As if atoning for the war-mongering and racism of The Patriot, big-'B' director Roland Emmerich goes green with The Day After Tomorrow. Perhaps representing some hopefully prescient, pre-emptive zeitgeist change, it's a fun, humane and (believe it or not) upbeat movie needed relief from this spring's glut of blackhearted revenge fantasies like The Punisher and Man on Fire.
It's also not surprising that the GOP attack machine assailed the film sight unseen for weeks before its release. Amid superior CGI scenes of Los Angeles and New York City ravaged by tornadoes, tsunamis and worse, Emmerich offers an America dependent upon Third World generosity. Cheney and Bush surrogates played by Perry King and Kenneth Welsh come off as a rapacious demagogue and a bland dullard, respectively; they're the butt of the film's best jokes. And rationality trumps the evangelista: A proud New York atheist saves a Bible because it represents the first example of printed language.

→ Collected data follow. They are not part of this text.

lemma second_difference_mean_value:
  fixes g gu guv :: "'a::real_normed_vector \<Rightarrow> real"
  assumes du: "\<And>p. p \<in> S \<Longrightarrow> ((\<lambda>s. g (p + s *\<^sub>R u)) has_real_derivative gu p) (at 0)"
    and duv: "\<And>p. p \<in> S \<Longrightarrow> ((\<lambda>s. gu (p + s *\<^sub>R v)) has_real_derivative guv p) (at 0)"
    and h: "0 < h"
    and square: "\<And>s r. 0 \<le> s \<Longrightarrow> s \<le> h \<Longrightarrow> 0 \<le> r \<Longrightarrow> r \<le> h \<Longrightarrow> z + s *\<^sub>R u + r *\<^sub>R v \<in> S"
  shows "\<exists>s r. 0 < s \<and> s < h \<and> 0 < r \<and> r < h \<and>
     g (z + h *\<^sub>R u + h *\<^sub>R v) - g (z + h *\<^sub>R u) - g (z + h *\<^sub>R v) + g z
       = h * h * guv (z + s *\<^sub>R u + r *\<^sub>R v)"
proof -
  define \<phi> where "\<phi> s = g (z + h *\<^sub>R v + s *\<^sub>R u) - g (z + s *\<^sub>R u)" for s
  have "\<exists>s>0. s < h \<and> \<phi> h - \<phi> 0 = (h - 0) * (gu (z + h *\<^sub>R v + s *\<^sub>R u) - gu (z + s *\<^sub>R u))"
    unfolding \<phi>_def
  proof (rule MVT2[OF h], rule DERIV_diff)
    fix s assume s: "0 \<le> s" "s \<le> h"
    have "z + h *\<^sub>R v + s *\<^sub>R u \<in> S"
      using square[OF s, of h] h by (simp add: algebra_simps)
    then show "((\<lambda>s. g (z + h *\<^sub>R v + s *\<^sub>R u)) has_real_derivative gu (z + h *\<^sub>R v + s *\<^sub>R u)) (at s)"
      using line_derivative_shift[OF du] by blast
    have "z + s *\<^sub>R u \<in> S" using square[OF s, of 0] h by simp
    then show "((\<lambda>s. g (z + s *\<^sub>R u)) has_real_derivative gu (z + s *\<^sub>R u)) (at s)"
      using line_derivative_shift[OF du] by blast
  qed
  then obtain s where s: "0 < s" "s < h"
    "\<phi> h - \<phi> 0 = h * (gu (z + s *\<^sub>R u + h *\<^sub>R v) - gu (z + s *\<^sub>R u))"
    by (auto simp: algebra_simps)
  have "\<exists>r>0. r < h \<and> gu (z + s *\<^sub>R u + h *\<^sub>R v) - gu (z + s *\<^sub>R u + 0 *\<^sub>R v)
          = (h - 0) * guv (z + s *\<^sub>R u + r *\<^sub>R v)"
  proof (rule MVT2[OF h])
    fix r assume "0 \<le> r" "r \<le> h"
    then have "z + s *\<^sub>R u + r *\<^sub>R v \<in> S" using square[of s r] s by simp
    then show "((\<lambda>r. gu (z + s *\<^sub>R u + r *\<^sub>R v)) has_real_derivative guv (z + s *\<^sub>R u + r *\<^sub>R v)) (at r)"
      using line_derivative_shift[OF duv] by blast
  qed
  then obtain r where "0 < r" "r < h"
    "gu (z + s *\<^sub>R u + h *\<^sub>R v) - gu (z + s *\<^sub>R u) = h * guv (z + s *\<^sub>R u + r *\<^sub>R v)"
    by auto
  moreover have "g (z + h *\<^sub>R u + h *\<^sub>R v) - g (z + h *\<^sub>R u) - g (z + h *\<^sub>R v) + g z = \<phi> h - \<phi> 0"
    by (simp add: \<phi>_def algebra_simps)
  ultimately show ?thesis using s by (intro exI[of _ s] exI[of _ r]) simp
qed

Dennis Quaid, looking fit and up to the task of mouthing some clunky, pseudo-scientific expository dialogue, plays Jack, a paleo-climatologist who discovers that the ice caps are melting. Jack argues to an international committee that this ominous business could augur a new Ice Age caused by overconsumption of natural resources and poor waste disposal. The reasonable and predominantly Arabic committee agrees; the American VP huffs that climate change is a bunch of hooey, and even if it did exist, dealing with it would be bad for the economy.
Before you can say "Kyoto Protocols," New Delhi is buried by snowstorms, monster hail pummels Japan and tornadoes lay waste to Los Angeles. Special destructive attention is lavished on a wind-shredded Hollywood sign and an obnoxious FOX-TV reporter splattered by a flying billboard.
As the President struggles to understand the situation finally begging his VP for guidance a Godzilla-size tsunami engulfs Manhattan, where Jack's son, Sam (Jake Gyllenhaal), is attending a scholarship competition.
Things get surreal fast. Up Fifth Avenue floats an abandoned oil tanker filled with wild wolves escaped from the Bronx Zoo. The new Ice Age hits and the tanker freezes at the midtown Public Library, where Sam, his love interest (Emmy Rossum) and a few others hide and burn the tax code for warmth. Meanwhile, in the film's weakest bits, Jack travels across the new frozen tundra of Pennsylvania to somehow rescue his son, while his doctor ex-wife (Sela Ward) tries to save a cancer-riddled tot.
Emmerich and co-screenwriter Jeffrey Nachmanoff riff obsessively on Bush-era nastiness while finessing some tasty bits of ironic blowback. Distracted, Jack stiffs a turban-wearing cab driver; he then rifles guiltily through his pockets for change. As in real life, the President tries to run away from the disaster. In this case, however, he pays a serious price for his cowardice. As the ice creeps ever southward, the desperate remains of the northern-United States population cross the border into Mexico, begging for asylum.
Behind the leftie postulations lies good, clean disaster-movie fun. Just when you're wondering where the survivors of New York went, Emmerich supplies a doozy of an answer. After the sloppy amusements of Independence Day and Stargate, his pulp aesthetic finally transcends itself, delivering a distillation of post-Sept. 11 wish fulfillment that sidles right up to the poetic.